Он долго ходил по городу, останавливаясь у красивых витрин магазинов. Нарочно оттягивал время, чтобы прийти уж наверняка, обязательно застать сына. На Неве, у Петропавловской крепости, Николай Ильич приметил художника с мольбертом и долго стоял поодаль, разглядывая, чего он там рисует. Город был затянут сырым, противным туманом, и на холсте у художника слоился туман, а в просветах намечались зыбкие контуры Зимнего дворца. Николай Ильич стоял молча, затаив дыхание, боясь привлечь внимание художника и рассердить его. Он с какой-то затаённой гордостью думал: «Вот и мой Тельман художник и так же, наверное, стоит где-нибудь, рисует, а люди почтительно рассматривают его картины. И наверное, Тельман хороший художник, коль пропечатали его картины в журнале да ещё написали такие тёплые слова».
Николай Ильич вздрогнул, когда у него за спиной, где-то за Кировским мостом, запела звонко труба. «Опять дудит! Ну что за наваждение?» Но здесь песня трубы была иной, не такой отрывистой и хриплой, как у пионерского горниста в лесу. Она лилась над Невой красиво и раздольно. И оборвалась так же неожиданно, как и началась.
На крейсере «Аврора» играли вечернюю зорю. Но Николай Ильич этого не знал.
Уже совсем стемнело, когда художник сложил мольберт и краски и искоса взглянув на Николая Ильича, пошёл прочь. Николай Ильич тоже пошагал по Кировскому проспекту. Он продрог и, найдя маленькое кафе, где не надо было раздеваться, взял чай с пирожками и сидел там до самого закрытия.

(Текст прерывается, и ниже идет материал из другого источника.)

lemma ennreal_abs_F_ln_le:
  assumes "sets (P n) = sets M"
    and "f \<in> borel_measurable (PiM {..<k1} (\<lambda>_. M))" "g \<in> borel_measurable (PiM {..<k2} (\<lambda>_. M))"
  shows "ennreal \<bar>F_ln k1 k2 f g P a l n\<bar> \<le> (\<Sum>N\<in>diagrams k1 k2 l.
      ennreal ((real n / a n) powr (real (k1 + k2) / 2)) *
      (\<integral>\<^sup>+z. ennreal \<bar>contraction k1 k2 N (tensor k1 k2 f g) z\<bar> \<partial>PiM {..<k1 + k2 - l} (\<lambda>_. P n)))"
proof -
  define D where "D = (real n / a n) powr (real (k1 + k2) / 2)"
  define I where "I = (\<integral>z. 1 / real (card (diagrams k1 k2 l)) *
      (\<Sum>N\<in>diagrams k1 k2 l. contraction k1 k2 N (tensor k1 k2 f g) z) \<partial>PiM {..<k1 + k2 - l} (\<lambda>_. P n))"
  have "\<bar>1 / real (card (diagrams k1 k2 l))\<bar> \<le> 1"
    by (cases "card (diagrams k1 k2 l)") auto
  then have "ennreal \<bar>I\<bar> \<le> (\<Sum>N\<in>diagrams k1 k2 l.
      \<integral>\<^sup>+z. ennreal \<bar>contraction k1 k2 N (tensor k1 k2 f g) z\<bar> \<partial>PiM {..<k1 + k2 - l} (\<lambda>_. P n))"
    unfolding I_def using measurable_contraction_tensor[OF _ assms] finite_diagrams
    by (intro ennreal_abs_integral_sum_le) auto
  moreover have "F_ln k1 k2 f g P a l n = D * I"
    unfolding F_ln_def D_def I_def ..
  ultimately have "ennreal \<bar>F_ln k1 k2 f g P a l n\<bar> \<le> ennreal D * (\<Sum>N\<in>diagrams k1 k2 l.
      \<integral>\<^sup>+z. ennreal \<bar>contraction k1 k2 N (tensor k1 k2 f g) z\<bar> \<partial>PiM {..<k1 + k2 - l} (\<lambda>_. P n))"
    by (simp add: abs_mult ennreal_mult D_def mult_left_mono)
  then show ?thesis
    by (simp add: sum_distrib_left D_def)
qed

lemma tendsto_scaled_contraction:
  fixes M :: "'a measure" and P :: "nat \<Rightarrow> 'a measure" and c :: "nat \<Rightarrow> real"
  assumes dom: "\<And>n. n \<ge> 1 \<Longrightarrow> dominated_prob_space (P n) M (c n)"
    and c_top: "filterlim c at_top sequentially"
    and N: "N \<in> diagrams k1 k2 l" and "k1 + k2 < 2 * (k1 + k2 - l)"
    and f: "f \<in> borel_measurable (PiM {..<k1} (\<lambda>_. M))" "integrable (PiM {..<k1} (\<lambda>_. M)) (\<lambda>x. (f x)\<^sup>2)"
    and g: "g \<in> borel_measurable (PiM {..<k2} (\<lambda>_. M))" "integrable (PiM {..<k2} (\<lambda>_. M)) (\<lambda>x. (g x)\<^sup>2)"
  shows "(\<lambda>n. ennreal (c n powr (real (k1 + k2) / 2)) *
      (\<integral>\<^sup>+z. ennreal \<bar>contraction k1 k2 N (tensor k1 k2 f g) z\<bar> \<partial>PiM {..<k1 + k2 - l} (\<lambda>_. P n))) \<longlonglongrightarrow> 0"
  unfolding contraction_tensor
  using tendsto_scaled_pair_nn_integral[OF dom c_top _ _ _ _ _ _ _ _ f g,
      where \<sigma> = "diagram_position k1 k2 N" and \<tau> = "\<lambda>i. diagram_position k1 k2 N (k1 + i)"
        and K = "{..<k1 + k2 - l}"]
    diagram_position_image[OF N] diagram_position_subset[OF N] inj_on_diagram_position[OF N] assms(4)
  by simp

theorem lemma6:
  fixes M :: "'a measure" and a :: "nat \<Rightarrow> real" and P :: "nat \<Rightarrow> 'a measure"
    and k1 k2 l :: nat and f g :: "(nat \<Rightarrow> 'a) \<Rightarrow> real"
  assumes sf: "sigma_finite_measure M"
    and na: "non_atomic M"
    and inf: "emeasure M (space M) = \<infinity>"
    and a_pos: "\<And>n. n \<ge> 1 \<Longrightarrow> a n > 0"
    and a_inf: "filterlim a at_top sequentially"
    and a_o: "(\<lambda>n. a n / real n) \<longlonglongrightarrow> 0"
    and P_prob: "\<And>n. n \<ge> 1 \<Longrightarrow> prob_space (P n)"
    and P_sets: "\<And>n. n \<ge> 1 \<Longrightarrow> sets (P n) = sets M"
    and mono: "\<And>n B. n \<ge> 1 \<Longrightarrow> B \<in> sets M \<Longrightarrow>
        ennreal (real n / a n) * emeasure (P n) B
          \<le> ennreal (real (Suc n) / a (Suc n)) * emeasure (P (Suc n)) B"
    and conv: "\<And>B. B \<in> sets M \<Longrightarrow>
        (\<lambda>n. ennreal (real n / a n) * emeasure (P n) B) \<longlonglongrightarrow> emeasure M B"
    and k1: "k1 \<ge> 1" and k2: "k2 \<ge> 1"
    and f_meas: "f \<in> borel_measurable (PiM {..<k1} (\<lambda>_. M))"
    and f_L2: "integrable (PiM {..<k1} (\<lambda>_. M)) (\<lambda>x. (f x)\<^sup>2)"
    and g_meas: "g \<in> borel_measurable (PiM {..<k2} (\<lambda>_. M))"
    and g_L2: "integrable (PiM {..<k2} (\<lambda>_. M)) (\<lambda>x. (g x)\<^sup>2)"
    and cases: "(k1 \<noteq> k2 \<and> l \<le> min k1 k2) \<or> (k1 = k2 \<and> l < k1)"
  shows "(\<lambda>n. F_ln k1 k2 f g P a l n) \<longlonglongrightarrow> 0"
proof -
  define c where "c n = real n / a n" for n
  define e where "e N n = ennreal (c n powr (real (k1 + k2) / 2)) *
      (\<integral>\<^sup>+z. ennreal \<bar>contraction k1 k2 N (tensor k1 k2 f g) z\<bar> \<partial>PiM {..<k1 + k2 - l} (\<lambda>_. P n))" for N n
  have dom: "dominated_prob_space (P n) M (c n)" if "n \<ge> 1" for n
    unfolding dominated_prob_space_def dominated_prob_space_axioms_def
    using that P_prob P_sets sf a_pos le_of_tendsto_mono_from[OF mono conv]
    by (simp add: c_def)
  have "filterlim (\<lambda>n. inverse (a n / real n)) at_top sequentially"
    using a_pos by (intro filterlim_inverse_at_top[OF a_o] eventually_sequentiallyI[of 1]) simp
  then have c_top: "filterlim c at_top sequentially"
    by (simp add: c_def[abs_def])
  have "k1 + k2 < 2 * (k1 + k2 - l)"
    using cases by auto
  then have "(\<lambda>n. \<Sum>N\<in>diagrams k1 k2 l. e N n) \<longlonglongrightarrow> (\<Sum>N\<in>diagrams k1 k2 l. 0)"
    unfolding e_def
    by (intro tendsto_sum) (rule tendsto_scaled_contraction[OF dom c_top _ _ f_meas f_L2 g_meas g_L2])
  then have lim: "(\<lambda>n. \<Sum>N\<in>diagrams k1 k2 l. e N n) \<longlonglongrightarrow> 0"
    by simp
  have bound: "\<forall>\<^sub>F n in sequentially. ennreal \<bar>F_ln k1 k2 f g P a l n\<bar> \<le> (\<Sum>N\<in>diagrams k1 k2 l. e N n)"
    using ennreal_abs_F_ln_le[OF P_sets f_meas g_meas]
    by (intro eventually_sequentiallyI[of 1]) (simp add: e_def c_def)
  have "(\<lambda>n. ennreal \<bar>F_ln k1 k2 f g P a l n\<bar>) \<longlonglongrightarrow> 0"
    by (rule tendsto_sandwich[OF _ bound tendsto_const lim]) simp
  then show ?thesis
    by (simp add: ennreal_tendsto_0_iff tendsto_rabs_zero_iff)
qed

end
theorem lemma3p5:
  fixes mult :: "'a::ab_group_add \<Rightarrow> 'a \<Rightarrow> 'a"
    and one e1 e2 :: 'a
    and n :: nat
    and D :: "'a \<Rightarrow> 'a"
  assumes n2: "n \<ge> 2"
    and ring: "unital_alternative_ring mult one"
    and tf2: "torsion_free 2 TYPE('a)"
    and tf3: "torsion_free 3 TYPE('a)"
    and tfn1: "torsion_free (int n - 1) TYPE('a)"
    and tfn3: "torsion_free (int n - 3) TYPE('a)"
    and idem: "mult e1 e1 = e1" and e1_nz: "e1 \<noteq> 0" and e1_n1: "e1 \<noteq> one"
    and e2_def: "e2 = one - e1"
    and c1a: "\<And>x. x \<in> peirce mult e1 e2 \<Longrightarrow> (\<forall>r\<in>peirce mult e2 e1. mult x r = 0) \<Longrightarrow> x = 0"
    and c1b: "\<And>x. x \<in> peirce mult e2 e1 \<Longrightarrow> (\<forall>r\<in>peirce mult e1 e2. mult x r = 0) \<Longrightarrow> x = 0"
    and c2: "\<And>x. x \<in> peirce mult e1 e1 \<Longrightarrow>
               (\<forall>r\<in>peirce mult e1 e2. mult x r = 0) \<or> (\<forall>r\<in>peirce mult e2 e1. mult r x = 0) \<Longrightarrow> x = 0"
    and c3: "\<And>x. x \<in> peirce mult e2 e2 \<Longrightarrow>
               (\<forall>r\<in>peirce mult e1 e2. mult r x = 0) \<or> (\<forall>r\<in>peirce mult e2 e1. mult x r = 0) \<Longrightarrow> x = 0"
    and c4: "\<And>z. z \<in> center mult \<Longrightarrow> z \<noteq> 0 \<Longrightarrow> {mult z r | r. True} = UNIV"
    and Dder: "mult_lie_n_derivation mult n D"
    and Da: "\<And>x. x \<in> peirce mult e1 e1 \<Longrightarrow>
               mult (mult e2 (D x)) e2 \<in> {mult z e2 | z. z \<in> center mult}"
    and Db: "\<And>x. x \<in> peirce mult e2 e2 \<Longrightarrow>
               mult (mult e1 (D x)) e1 \<in> {mult z e1 | z. z \<in> center mult}"
    and Dc12: "D ` peirce mult e1 e2 \<subseteq> peirce mult e1 e2"
    and Dc21: "D ` peirce mult e2 e1 \<subseteq> peirce mult e2 e1"
  shows "D e1 - f_yz mult (mult (mult e1 (D e1)) e2 + mult (mult e2 (D e1)) e1) e1 e1
           \<in> center mult"
proof -
  interpret alternative_ring_idempotent mult one e1
    using ring idem by unfold_locales
  have "e1 \<in> peirce mult e1 e1"
    unfolding peirce_def by (auto intro: exI[of _ e1])
  then obtain z where z: "z \<in> center mult" and d22: "mult (mult e2 (D e1)) e2 = mult z e2"
    using Da by blast
  have d11: "mult (mult e1 (D e1)) e1 = mult z e1"
    using peirce11_eq_center_mult[OF tf3 tfn1 Dder n2 _ _ z] c2 Dc12 d22
    unfolding e2_def by blast
  have "D e1 - f_yz mult (mult (mult e1 (D e1)) e2 + mult (mult e2 (D e1)) e1) e1 e1
      = mult (mult e1 (D e1)) e1 + mult (mult e2 (D e1)) e2"
    unfolding e2_def f_yz_idempotent by (rule peirce_diagonal_part)
  also have "\<dots> = z"
    unfolding d11 d22 by (simp add: e2_def)
  finally show ?thesis
    using z by simp
qed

К дому он подошёл около десяти часов. И опять много раз звонил, но опять никто не отзывался. Из квартиры напротив высунулся какой-то всклокоченный старик и подозрительно поглядел на Николая Ильича. Николай Ильич хотел спросить старика, не знает ли тот, где его сын, но не успел, — старик быстро захлопнул дверь и долго гремел запорами. Николай Ильич сел на ступеньки. Ему стало до слёз жаль себя, так обидно было, что не сбылась надежда сегодня же увидеть сына. Надо было возвращаться к себе на кордон, ждать следующего дня и опять волноваться. Николай Ильич устал, ему даже двигаться не хотелось. «Вот если бы в Гатчине остановиться!» — подумал он по привычке и вдруг вздрогнул от внезапной мысли, что Гришу Мокригина он больше уже не увидит.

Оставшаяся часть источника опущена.